Exercise input:
⁂

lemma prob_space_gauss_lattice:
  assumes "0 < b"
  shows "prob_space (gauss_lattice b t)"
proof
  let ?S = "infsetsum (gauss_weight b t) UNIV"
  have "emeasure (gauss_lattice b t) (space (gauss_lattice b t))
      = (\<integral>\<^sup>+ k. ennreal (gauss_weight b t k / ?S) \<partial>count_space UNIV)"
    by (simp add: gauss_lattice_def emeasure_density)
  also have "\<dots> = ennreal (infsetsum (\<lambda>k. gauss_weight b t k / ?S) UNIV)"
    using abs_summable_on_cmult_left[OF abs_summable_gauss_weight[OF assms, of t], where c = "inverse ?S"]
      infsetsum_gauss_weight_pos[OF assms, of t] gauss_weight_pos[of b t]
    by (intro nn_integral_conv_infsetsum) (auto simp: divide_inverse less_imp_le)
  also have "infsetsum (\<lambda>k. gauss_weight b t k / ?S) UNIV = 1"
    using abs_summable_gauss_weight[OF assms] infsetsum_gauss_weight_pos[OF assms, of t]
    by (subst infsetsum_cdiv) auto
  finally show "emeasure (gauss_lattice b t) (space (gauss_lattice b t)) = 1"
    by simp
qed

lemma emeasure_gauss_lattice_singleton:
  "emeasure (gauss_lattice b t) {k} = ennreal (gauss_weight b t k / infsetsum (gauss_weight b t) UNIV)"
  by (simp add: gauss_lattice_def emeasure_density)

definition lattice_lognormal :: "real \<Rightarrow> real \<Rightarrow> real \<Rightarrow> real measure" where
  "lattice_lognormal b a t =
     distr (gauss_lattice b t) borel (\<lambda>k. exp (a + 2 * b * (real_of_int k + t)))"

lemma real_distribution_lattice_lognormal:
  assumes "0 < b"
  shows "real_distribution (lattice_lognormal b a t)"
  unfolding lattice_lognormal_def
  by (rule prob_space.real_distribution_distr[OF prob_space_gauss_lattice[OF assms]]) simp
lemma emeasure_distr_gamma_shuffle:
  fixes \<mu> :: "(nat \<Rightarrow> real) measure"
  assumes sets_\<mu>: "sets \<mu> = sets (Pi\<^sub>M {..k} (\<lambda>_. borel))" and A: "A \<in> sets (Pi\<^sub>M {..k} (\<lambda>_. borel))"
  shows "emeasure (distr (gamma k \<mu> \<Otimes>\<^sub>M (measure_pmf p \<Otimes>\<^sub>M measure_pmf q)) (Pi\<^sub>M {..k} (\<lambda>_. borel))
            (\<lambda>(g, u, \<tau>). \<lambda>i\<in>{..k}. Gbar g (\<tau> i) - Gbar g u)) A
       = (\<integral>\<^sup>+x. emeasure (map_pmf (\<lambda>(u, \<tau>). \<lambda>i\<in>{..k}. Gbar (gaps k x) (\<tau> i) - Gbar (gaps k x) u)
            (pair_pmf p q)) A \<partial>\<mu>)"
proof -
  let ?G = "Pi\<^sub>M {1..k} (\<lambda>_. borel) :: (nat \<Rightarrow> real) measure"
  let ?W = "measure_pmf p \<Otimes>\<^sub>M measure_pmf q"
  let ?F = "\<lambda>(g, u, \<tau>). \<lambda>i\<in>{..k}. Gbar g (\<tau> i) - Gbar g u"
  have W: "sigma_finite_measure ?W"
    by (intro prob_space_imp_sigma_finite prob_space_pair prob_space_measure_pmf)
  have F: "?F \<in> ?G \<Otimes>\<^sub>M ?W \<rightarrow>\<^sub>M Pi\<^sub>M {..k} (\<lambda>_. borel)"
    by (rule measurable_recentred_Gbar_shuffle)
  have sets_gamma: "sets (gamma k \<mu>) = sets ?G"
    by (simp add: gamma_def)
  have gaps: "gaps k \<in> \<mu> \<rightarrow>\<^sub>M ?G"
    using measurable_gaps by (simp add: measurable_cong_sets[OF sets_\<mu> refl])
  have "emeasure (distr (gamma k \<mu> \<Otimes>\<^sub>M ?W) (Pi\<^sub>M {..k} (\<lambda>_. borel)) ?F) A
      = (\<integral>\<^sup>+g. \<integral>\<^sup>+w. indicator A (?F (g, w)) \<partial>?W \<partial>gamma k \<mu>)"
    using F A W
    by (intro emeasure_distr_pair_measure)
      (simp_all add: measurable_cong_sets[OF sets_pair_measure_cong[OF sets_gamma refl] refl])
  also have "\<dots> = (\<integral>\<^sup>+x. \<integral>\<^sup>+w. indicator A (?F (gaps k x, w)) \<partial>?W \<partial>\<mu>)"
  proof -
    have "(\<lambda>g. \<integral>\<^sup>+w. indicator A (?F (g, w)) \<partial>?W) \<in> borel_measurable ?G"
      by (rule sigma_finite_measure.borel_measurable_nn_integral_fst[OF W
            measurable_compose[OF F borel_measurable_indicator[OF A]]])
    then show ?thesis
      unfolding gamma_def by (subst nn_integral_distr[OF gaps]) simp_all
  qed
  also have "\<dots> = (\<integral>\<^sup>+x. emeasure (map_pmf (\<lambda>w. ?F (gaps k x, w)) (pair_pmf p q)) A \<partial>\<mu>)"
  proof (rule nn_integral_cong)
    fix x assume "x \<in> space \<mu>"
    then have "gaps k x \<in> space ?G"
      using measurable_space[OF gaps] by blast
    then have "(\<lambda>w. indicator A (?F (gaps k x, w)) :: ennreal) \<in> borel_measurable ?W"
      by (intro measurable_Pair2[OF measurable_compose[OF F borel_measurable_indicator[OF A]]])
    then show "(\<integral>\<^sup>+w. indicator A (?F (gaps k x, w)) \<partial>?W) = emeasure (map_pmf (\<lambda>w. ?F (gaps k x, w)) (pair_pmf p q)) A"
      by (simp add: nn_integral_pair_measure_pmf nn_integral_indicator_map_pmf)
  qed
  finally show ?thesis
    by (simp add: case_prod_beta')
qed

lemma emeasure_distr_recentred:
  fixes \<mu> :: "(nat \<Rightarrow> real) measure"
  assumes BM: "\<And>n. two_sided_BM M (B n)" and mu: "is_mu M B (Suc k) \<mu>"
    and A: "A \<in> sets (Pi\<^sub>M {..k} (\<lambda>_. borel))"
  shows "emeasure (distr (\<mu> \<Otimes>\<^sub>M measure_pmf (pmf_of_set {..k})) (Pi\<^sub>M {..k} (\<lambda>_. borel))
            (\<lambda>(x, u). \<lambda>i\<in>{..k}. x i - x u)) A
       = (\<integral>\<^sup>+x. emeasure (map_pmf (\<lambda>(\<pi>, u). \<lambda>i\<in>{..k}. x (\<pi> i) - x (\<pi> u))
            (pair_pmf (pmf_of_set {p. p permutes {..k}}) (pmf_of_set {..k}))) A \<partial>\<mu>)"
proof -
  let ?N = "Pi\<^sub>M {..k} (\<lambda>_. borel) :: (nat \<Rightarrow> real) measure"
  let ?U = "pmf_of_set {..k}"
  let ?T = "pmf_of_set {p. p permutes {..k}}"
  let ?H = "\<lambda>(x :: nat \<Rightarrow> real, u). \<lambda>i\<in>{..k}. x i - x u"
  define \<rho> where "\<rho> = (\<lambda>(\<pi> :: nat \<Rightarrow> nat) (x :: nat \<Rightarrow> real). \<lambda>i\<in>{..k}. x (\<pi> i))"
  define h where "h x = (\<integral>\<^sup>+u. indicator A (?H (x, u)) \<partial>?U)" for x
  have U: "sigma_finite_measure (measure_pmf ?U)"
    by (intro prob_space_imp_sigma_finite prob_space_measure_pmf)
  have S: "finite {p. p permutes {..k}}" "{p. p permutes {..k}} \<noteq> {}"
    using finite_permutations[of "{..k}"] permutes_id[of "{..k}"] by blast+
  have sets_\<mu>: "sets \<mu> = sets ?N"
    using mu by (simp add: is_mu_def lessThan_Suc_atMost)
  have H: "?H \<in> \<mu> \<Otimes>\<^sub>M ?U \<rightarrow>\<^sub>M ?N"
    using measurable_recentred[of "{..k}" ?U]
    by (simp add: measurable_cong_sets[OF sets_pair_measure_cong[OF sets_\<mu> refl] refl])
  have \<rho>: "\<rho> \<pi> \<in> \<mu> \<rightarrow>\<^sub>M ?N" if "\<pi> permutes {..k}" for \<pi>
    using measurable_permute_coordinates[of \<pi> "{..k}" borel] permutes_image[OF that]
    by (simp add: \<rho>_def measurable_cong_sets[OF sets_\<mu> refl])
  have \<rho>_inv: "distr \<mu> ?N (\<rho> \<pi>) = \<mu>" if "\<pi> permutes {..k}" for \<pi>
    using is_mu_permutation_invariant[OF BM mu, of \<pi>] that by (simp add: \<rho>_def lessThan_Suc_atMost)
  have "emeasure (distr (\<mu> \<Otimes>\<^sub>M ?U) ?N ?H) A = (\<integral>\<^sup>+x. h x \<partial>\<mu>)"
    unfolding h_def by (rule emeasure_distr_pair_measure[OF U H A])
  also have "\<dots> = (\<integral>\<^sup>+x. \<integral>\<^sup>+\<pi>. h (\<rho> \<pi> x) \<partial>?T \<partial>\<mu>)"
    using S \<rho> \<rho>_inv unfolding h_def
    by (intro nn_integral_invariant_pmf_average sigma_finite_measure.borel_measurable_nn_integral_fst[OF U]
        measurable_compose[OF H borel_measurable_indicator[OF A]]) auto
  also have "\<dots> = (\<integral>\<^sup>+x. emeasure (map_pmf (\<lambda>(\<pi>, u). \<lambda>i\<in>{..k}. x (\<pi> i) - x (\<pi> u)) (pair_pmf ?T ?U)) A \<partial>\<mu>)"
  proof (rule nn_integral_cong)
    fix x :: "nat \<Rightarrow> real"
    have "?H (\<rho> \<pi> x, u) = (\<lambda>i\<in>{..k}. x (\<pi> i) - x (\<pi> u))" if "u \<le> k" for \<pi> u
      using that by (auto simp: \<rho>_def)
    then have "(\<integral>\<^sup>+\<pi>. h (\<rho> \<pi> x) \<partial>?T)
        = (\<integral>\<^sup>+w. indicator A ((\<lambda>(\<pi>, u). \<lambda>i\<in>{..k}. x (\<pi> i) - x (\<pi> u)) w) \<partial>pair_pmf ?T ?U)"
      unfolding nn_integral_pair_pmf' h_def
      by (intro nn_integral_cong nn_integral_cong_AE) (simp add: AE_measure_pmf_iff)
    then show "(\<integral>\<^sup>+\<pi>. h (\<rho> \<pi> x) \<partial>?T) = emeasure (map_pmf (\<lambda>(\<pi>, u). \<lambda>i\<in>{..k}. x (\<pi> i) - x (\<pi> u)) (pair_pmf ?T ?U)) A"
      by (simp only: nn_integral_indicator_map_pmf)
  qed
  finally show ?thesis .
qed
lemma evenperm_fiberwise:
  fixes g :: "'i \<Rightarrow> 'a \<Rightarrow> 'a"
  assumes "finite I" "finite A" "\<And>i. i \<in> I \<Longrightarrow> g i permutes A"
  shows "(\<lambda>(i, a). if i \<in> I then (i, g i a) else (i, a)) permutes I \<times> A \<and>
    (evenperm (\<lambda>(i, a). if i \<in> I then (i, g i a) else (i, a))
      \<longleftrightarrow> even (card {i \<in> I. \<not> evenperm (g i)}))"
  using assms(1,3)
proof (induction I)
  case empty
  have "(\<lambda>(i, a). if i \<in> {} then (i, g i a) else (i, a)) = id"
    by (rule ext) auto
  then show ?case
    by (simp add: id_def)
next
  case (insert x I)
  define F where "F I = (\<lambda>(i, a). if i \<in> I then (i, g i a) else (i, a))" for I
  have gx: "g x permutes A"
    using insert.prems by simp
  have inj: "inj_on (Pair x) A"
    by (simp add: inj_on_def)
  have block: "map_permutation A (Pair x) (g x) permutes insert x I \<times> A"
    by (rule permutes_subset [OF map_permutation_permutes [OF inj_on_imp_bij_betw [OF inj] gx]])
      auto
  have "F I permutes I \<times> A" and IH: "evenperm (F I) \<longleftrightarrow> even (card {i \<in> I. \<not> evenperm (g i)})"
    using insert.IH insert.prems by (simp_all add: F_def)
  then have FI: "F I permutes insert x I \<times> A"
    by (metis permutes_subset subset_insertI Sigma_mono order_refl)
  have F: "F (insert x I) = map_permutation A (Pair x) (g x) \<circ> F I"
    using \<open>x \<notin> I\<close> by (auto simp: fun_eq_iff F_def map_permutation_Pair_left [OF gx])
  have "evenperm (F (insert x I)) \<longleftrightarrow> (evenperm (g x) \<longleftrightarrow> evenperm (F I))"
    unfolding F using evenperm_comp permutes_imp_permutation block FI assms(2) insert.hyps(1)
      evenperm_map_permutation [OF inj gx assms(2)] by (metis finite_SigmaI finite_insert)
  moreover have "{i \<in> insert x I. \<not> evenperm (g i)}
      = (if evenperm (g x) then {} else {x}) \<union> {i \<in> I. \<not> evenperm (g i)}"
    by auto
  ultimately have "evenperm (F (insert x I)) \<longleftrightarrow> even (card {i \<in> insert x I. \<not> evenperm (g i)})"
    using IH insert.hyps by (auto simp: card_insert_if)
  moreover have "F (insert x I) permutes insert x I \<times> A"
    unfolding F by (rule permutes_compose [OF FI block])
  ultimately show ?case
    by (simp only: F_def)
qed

⁂

Problem to work on: From the records above, show each line that contains the word "block".

Result for this exercise:
  have block: "map_permutation A (Pair x) (g x) permutes insert x I \<times> A"
    unfolding F using evenperm_comp permutes_imp_permutation block FI assms(2) insert.hyps(1)
    unfolding F by (rule permutes_compose [OF FI block])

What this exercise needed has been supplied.